Charles Darwin to his cousin William Darwin Fox, 24th October, 1852

[…] Farewell,—do come whenever you can possibly manage it. I cannot but hope that the Carbuncle may possibly do you good: I have heard of all sorts of weaknesses disappearing after a carbuncle: I suppose the pain is dreadful. I agree most entirely, what a blessed discovery is Chloroform: when one thinks of one’s children, it makes quite a little difference in ones happiness. The other day I had 5 grinders (two by the Elevator) out at a sitting under this wonderful substance, & felt hardly anything.

My dear old Friend
Yours very affectionately
Charles Darwin

Darwin was a great proponent of the new miracle substance chloroform, whose anaesthetic properties were first discovered by Scottish obstetrician James Young Simpson in 1847.

The Darwins were also very early adopters of chloroform. In 1848, just a year after Simpson first used it, Darwin’s wife, Emma is believed to have received chloroform during the birth of their son, Frances. She was to receive chloroform during all her subsequent acts of labour. Indeed, so impressed was he with chloroform’s miraculous powers that Darwin (who, in his youth, had trained to be a doctor) wasn’t beyond administering it to his wife himself, if a suitably qualified doctor wasn’t available. During the birth of their son Leonard in 1850, as Darwin reported to his friend John Stevens Henslow:

I was so bold during my wifes confinement which are always rapid, as to administer Chloroform, before the Dr . came & I kept her in a state of insensibility of 1 & ½ hours & she knew nothing from first pain till she heard that the child was born.—It is the grandest & most blessed of discoveries.

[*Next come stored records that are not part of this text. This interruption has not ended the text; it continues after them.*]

definition is_density :: "(real \<Rightarrow> real) \<Rightarrow> bool" where
  "is_density f \<longleftrightarrow> (\<forall>x. 0 \<le> f x) \<and> f \<in> borel_measurable lebesgue
     \<and> (\<integral>\<^sup>+ x. ennreal (f x) \<partial>lebesgue) = 1"

definition law :: "(real \<Rightarrow> real) \<Rightarrow> real measure" where
  "law f = density lebesgue (\<lambda>x. ennreal (f x))"

definition F_Ent :: "(real \<Rightarrow> real) set" where
  "F_Ent = {f. continuous_on UNIV f \<and> (\<forall>x. 0 < f x) \<and> is_density f
     \<and> (\<integral>\<^sup>+ x. ennreal (f x * log_plus (f x)) \<partial>lborel) < \<infinity>}"

definition closed_cube :: "real \<Rightarrow> real set \<Rightarrow> bool" where
  "closed_cube r S \<longleftrightarrow> (\<exists>a. S = {a..a+r})"

definition part_cube :: "real \<Rightarrow> real set \<Rightarrow> bool" where
  "part_cube h S \<longleftrightarrow> (\<exists>a. {a<..<a+h} \<subseteq> S \<and> S \<subseteq> {a..a+h})"

definition vertex_cube :: "real \<Rightarrow> real \<Rightarrow> real set \<Rightarrow> bool" where
  "vertex_cube s y S \<longleftrightarrow> S = {y..y+s} \<or> S = {y-s..y}"

definition adjacent :: "real \<Rightarrow> nat \<Rightarrow> (nat \<Rightarrow> real set) \<Rightarrow> bool" where
  "adjacent h m B \<longleftrightarrow> (\<forall>i\<in>{1..m}. part_cube h (B i))
     \<and> (\<forall>i\<in>{1..m}. \<forall>j\<in>{1..m}. i \<noteq> j \<longrightarrow> interior (B i) \<inter> interior (B j) = {})
     \<and> connected (\<Union>i\<in>{1..m}. closure (B i))"

definition Dfun :: "(real \<Rightarrow> real) \<Rightarrow> (real \<Rightarrow> real set) \<Rightarrow> real \<Rightarrow> ennreal" where
  "Dfun f C y = (let i = Inf (f ` C y) in if 0 < i then ennreal (ln (f y / i)) else \<infinity>)"

text \<open>f satisfies the definition of F_FSSA with witnesses: scale r, comparison cubes C,
  partitions A m 0, ..., A m m (m \<ge> 1) with common side h m.\<close>
definition fssa_with :: "(real \<Rightarrow> real) \<Rightarrow> real \<Rightarrow> (real \<Rightarrow> real set)
    \<Rightarrow> (nat \<Rightarrow> nat \<Rightarrow> real set) \<Rightarrow> (nat \<Rightarrow> real) \<Rightarrow> bool" where
  "fssa_with f r C A h \<longleftrightarrow>
     is_density f \<and>
     (\<forall>m\<ge>1. 0 < h m \<and> supp f = (\<Union>i\<le>m. A m i) \<and> disjoint_family_on (A m) {..m}
        \<and> adjacent (h m) m (A m)) \<and>
     \<comment> \<open>(i)\<close>
     (\<exists>N \<in> sets lebesgue. emeasure (law f) N = 0 \<and>
        (\<forall>x \<in> supp f - N. continuous (at x within supp f) f)) \<and>
     \<comment> \<open>(ii)\<close>
     0 < r \<and>
     (\<forall>y\<in>supp f. closed_cube r (C y) \<and> y \<in> C y) \<and>
     (\<lambda>y. if y \<in> supp f then Dfun f C y else 0) \<in> borel_measurable lebesgue \<and>
     (\<integral>\<^sup>+ y. indicator (supp f) y * Dfun f C y \<partial>law f) < \<infinity> \<and>
     \<comment> \<open>(iii)\<close>
     (\<exists>M::nat. \<forall>m. M \<le> m \<and> 1 \<le> m \<longrightarrow>
        (\<forall>y\<in>A m 0. \<exists>S. vertex_cube (r/2) y S \<and> S \<subseteq> C y \<inter> A m 0) \<and>
        (\<forall>y\<in>supp f - A m 0. \<exists>S. vertex_cube (r/2) y S \<and> S \<subseteq> C y \<inter> (supp f - A m 0)))"

definition F_FSSA :: "(real \<Rightarrow> real) set" where
  "F_FSSA = {f. \<exists>r C A h. fssa_with f r C A h}"

definition F_CSSA :: "(real \<Rightarrow> real) set" where
  "F_CSSA = {f. is_density f \<and>
     (\<exists>(Y :: nat \<Rightarrow> real set) (r :: nat \<Rightarrow> real) (C :: nat \<Rightarrow> real \<Rightarrow> real set)
        (A :: nat \<Rightarrow> nat \<Rightarrow> nat \<Rightarrow> real set) (h :: nat \<Rightarrow> nat \<Rightarrow> real).
       let p = (\<lambda>l. measure (law f) (Y l));
           fl = (\<lambda>l x. indicator (Y l) x * f x / p l)
       in (\<forall>l. Y l \<in> sets lebesgue) \<and> disjoint_family Y \<and> (\<Union>l. Y l) = supp f \<and>
          (\<forall>l. 0 < p l \<longrightarrow> fssa_with (fl l) (r l) (C l) (A l) (h l)) \<and>
          (\<Sum>l. if 0 < p l then ennreal (p l) *
                (\<integral>\<^sup>+ y. indicator (Y l) y * Dfun (fl l) (C l) y \<partial>law (fl l)) else 0) < \<infinity> \<and>
          (\<Sum>l. if 0 < p l then ennreal (p l * log_plus (1 / r l)) else 0) < \<infinity>)}"

end

theory Submission
  imports Defs "HOL-Probability.Distributions"
begin

(* The witness is a Gaussian density with dips. On [k, k+1], k >= 1, it is pushed down to
   phi(x) exp(-E(x)) at the points of a grid of mesh 1/N_k with ln N_k >= 3 exp((k+1)^2), and it
   is at least phi(x) on the "plateau" away from the grid, a set of infinite Lebesgue measure.
   Let y be a plateau point in [k, k+1] and C a comparison interval of side r containing y.
   Either r >= 1/N_k, so C contains a grid point and D(y) >= ln (f(y) / f(grid point)) >= 1/phi(y);
   or r < 1/N_k and log_+(1/r) >= ln N_k >= 1/phi(y). Hence any decomposition witnessing
   membership in F_CSSA would make the integral of f/phi over the plateau finite, whereas
   f/phi is bounded below there by a positive constant. Below, phi is std_normal_density,
   E is dip_depth, N_k is grid_size k and f is f_nat. *)

lemma log_plus_nonneg: "0 \<le> log_plus t"
  unfolding log_plus_def by auto

lemma log_plus_le_self: "0 \<le> t \<Longrightarrow> log_plus t \<le> t"
  unfolding log_plus_def using ln_le_minus_one[of t] by auto

lemma ln_le_log_plus: "0 < t \<Longrightarrow> ln t \<le> log_plus t"
  unfolding log_plus_def by simp

lemma nn_integral_log_plus_bounded:
  assumes [measurable]: "f \<in> borel_measurable borel"
    and "\<And>x. 0 \<le> f x" "\<And>x. f x \<le> B" "(\<integral>\<^sup>+ x. ennreal (f x) \<partial>lborel) = 1"
  shows "(\<integral>\<^sup>+ x. ennreal (f x * log_plus (f x)) \<partial>lborel) < \<infinity>"
proof -
  have "(\<integral>\<^sup>+ x. ennreal (f x * log_plus (f x)) \<partial>lborel) \<le> (\<integral>\<^sup>+ x. ennreal B * ennreal (f x) \<partial>lborel)"
  proof (rule nn_integral_mono)
    fix x
    have "f x * log_plus (f x) \<le> B * f x"
      using assms(2,3)[of x] log_plus_le_self[of "f x"] log_plus_nonneg[of "f x"]
      by (metis mult_mono order.trans)
    then have "ennreal (f x * log_plus (f x)) \<le> ennreal (B * f x)" by (rule ennreal_leI)
    also have "\<dots> = ennreal B * ennreal (f x)" using assms(2) by (rule ennreal_mult'')
    finally show "ennreal (f x * log_plus (f x)) \<le> ennreal B * ennreal (f x)" .
  qed
  also have "\<dots> = ennreal B" using assms(4) by (simp add: nn_integral_cmult)
  finally show ?thesis by (simp add: le_less_trans)
qed

lemma normalized_positive_integrable:
  fixes h :: "real \<Rightarrow> real"
  assumes "integrable lborel h" "\<And>x. 0 < h x"
  shows "0 < integral\<^sup>L lborel h" "(\<integral>\<^sup>+ x. ennreal (h x / integral\<^sup>L lborel h) \<partial>lborel) = 1"
proof -
  have "0 \<le> integral\<^sup>L lborel h" using assms(2) by (simp add: less_imp_le)
  moreover have "integral\<^sup>L lborel h \<noteq> 0"
  proof
    assume "integral\<^sup>L lborel h = 0"
    then have "AE x in lborel. h x = 0"
      using integral_nonneg_eq_0_iff_AE[OF assms(1)] assms(2) by (simp add: less_imp_le)
    then have "AE x in (lborel :: real measure). False"
      by (rule AE_mp) (use assms(2) in \<open>simp add: less_le\<close>)
    then show False by (simp flip: trivial_limit_def add: ae_filter_eq_bot_iff)
  qed
  ultimately show pos: "0 < integral\<^sup>L lborel h" by simp
  have "(\<integral>\<^sup>+ x. ennreal (h x / integral\<^sup>L lborel h) \<partial>lborel)
      = ennreal (integral\<^sup>L lborel (\<lambda>x. h x / integral\<^sup>L lborel h))"
    using assms pos by (intro nn_integral_eq_integral) (auto simp: less_imp_le)
  also have "\<dots> = 1" using pos by simp
  finally show "(\<integral>\<^sup>+ x. ennreal (h x / integral\<^sup>L lborel h) \<partial>lborel) = 1" .
qed

section \<open>Local cost of decompositions\<close>

(* g stands for the normalised restriction of f to one piece of a decomposition: where it
   vanishes inside C y the infimum is 0 and Dfun is infinite. *)
lemma Dfun_ge_ln_ratio:
  assumes "0 < p" "0 < f y" "z \<in> C y"
    and g_nonneg: "\<And>x. 0 \<le> g x" and g_le: "\<And>x. g x \<le> f x / p" and g_y: "g y = f y / p"
  shows "ennreal (ln (f y / f z)) \<le> Dfun g C y"
proof -
  define i where "i = Inf (g ` C y)"
  show ?thesis
  proof (cases "0 < i")
    case False
    then show ?thesis by (simp add: Dfun_def Let_def flip: i_def)
  next
    case True
    have "i \<le> g z"
      unfolding i_def by (rule cInf_lower) (use assms in \<open>auto intro!: bdd_belowI[where m=0]\<close>)
    then have i_le: "i \<le> f z / p" using g_le[of z] by linarith
    with True have "0 < f z / p" by linarith
    with \<open>0 < p\<close> have "0 < f z" by (simp add: zero_less_divide_iff)
    have "f y / f z = (f y / p) / (f z / p)" using \<open>0 < p\<close> by simp
    also have "\<dots> \<le> g y / i"
      unfolding g_y using True i_le \<open>0 < f y\<close> \<open>0 < f z\<close> \<open>0 < p\<close>
      by (intro divide_left_mono) auto
    finally have "ln (f y / f z) \<le> ln (g y / i)"
      using \<open>0 < f y\<close> \<open>0 < f z\<close> by (intro ln_mono) auto
    then show ?thesis using True by (simp add: Dfun_def Let_def ennreal_leI flip: i_def)
  qed
qed

lemma ennreal_measure_law:
  assumes "is_density f" "Y \<in> sets lebesgue"
  shows "ennreal (measure (law f) Y) = (\<integral>\<^sup>+ x. ennreal (f x) * indicator Y x \<partial>lebesgue)"
proof -
  have [measurable]: "f \<in> borel_measurable lebesgue" using assms(1) by (simp add: is_density_def)
  have law_Y: "emeasure (law f) Y = (\<integral>\<^sup>+ x. ennreal (f x) * indicator Y x \<partial>lebesgue)"
    unfolding law_def by (rule emeasure_density) (use assms(2) in simp_all)
  have "(\<integral>\<^sup>+ x. ennreal (f x) * indicator Y x \<partial>lebesgue) \<le> (\<integral>\<^sup>+ x. ennreal (f x) \<partial>lebesgue)"
    by (rule nn_integral_mono) (simp split: split_indicator)
  also have "\<dots> = 1" using assms(1) by (simp add: is_density_def)
  finally have "emeasure (law f) Y \<noteq> \<infinity>" using law_Y by (auto simp: top_unique)
  then show ?thesis using law_Y emeasure_eq_ennreal_measure[of "law f" Y] by simp
qed

definition local_cost_dominates :: "(real \<Rightarrow> real) \<Rightarrow> (real \<Rightarrow> real) \<Rightarrow> bool" where
  "local_cost_dominates f \<Phi> \<longleftrightarrow> (\<forall>y a r. 0 < r \<longrightarrow> 0 < f y \<longrightarrow> a \<le> y \<longrightarrow> y \<le> a + r \<longrightarrow>
     \<Phi> y \<le> log_plus (1 / r) \<or> (\<exists>z\<in>{a..a+r}. \<Phi> y \<le> ln (f y / f z)))"

lemma Dfun_add_log_plus_ge:
  assumes "local_cost_dominates f \<Phi>" "0 < r" "closed_cube r (C y)" "y \<in> C y" "0 < f y"
    and "0 < p" "\<And>x. 0 \<le> g x" "\<And>x. g x \<le> f x / p" "g y = f y / p"
  shows "ennreal (\<Phi> y) \<le> Dfun g C y + ennreal (log_plus (1 / r))"
proof -
  obtain a where "C y = {a..a+r}" using assms(3) unfolding closed_cube_def by blast
  with assms(1,2,4,5) consider "\<Phi> y \<le> log_plus (1 / r)" | z where "z \<in> C y" "\<Phi> y \<le> ln (f y / f z)"
    unfolding local_cost_dominates_def by (metis atLeastAtMost_iff)
  then show ?thesis
  proof cases
    case 1
    then show ?thesis by (simp add: add_increasing ennreal_leI)
  next
    case 2
    have "ennreal (\<Phi> y) \<le> ennreal (ln (f y / f z))" using 2(2) by (rule ennreal_leI)
    also have "\<dots> \<le> Dfun g C y"
      using assms(6,5) 2(1) assms(7-9) by (rule Dfun_ge_ln_ratio)
    finally show ?thesis by (simp add: add_increasing2)
  qed
qed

The use of chloroform during childbirth was highly controversial (which is hardly surprising, bearing in mind how new it was). But, as we have seen, Darwin was quick to recommend it to his friends. In 1854, his friend Joseph Dalton Hooker reported:

My dear Darwin

I did give the Chloroform as before & with the best effect, though the Doctor was horribly prejudiced against it: & he having delv’d. 3–4000 women without it that is perhaps not to be wondered at.

It is hard to imagine such a revolutionary, new medical treatment being adopted quite so quickly these days—and for very good reasons. The Victorian faith in science, admirable though it was compared to today, does seem to have sometimes bordered on the reckless.

Note: The ever excellent BBC Radio 4 series, In Our Time, recently discussed the history of anaesthetics. You can listen to the programme again (in crappy RealPlayer™ format) here.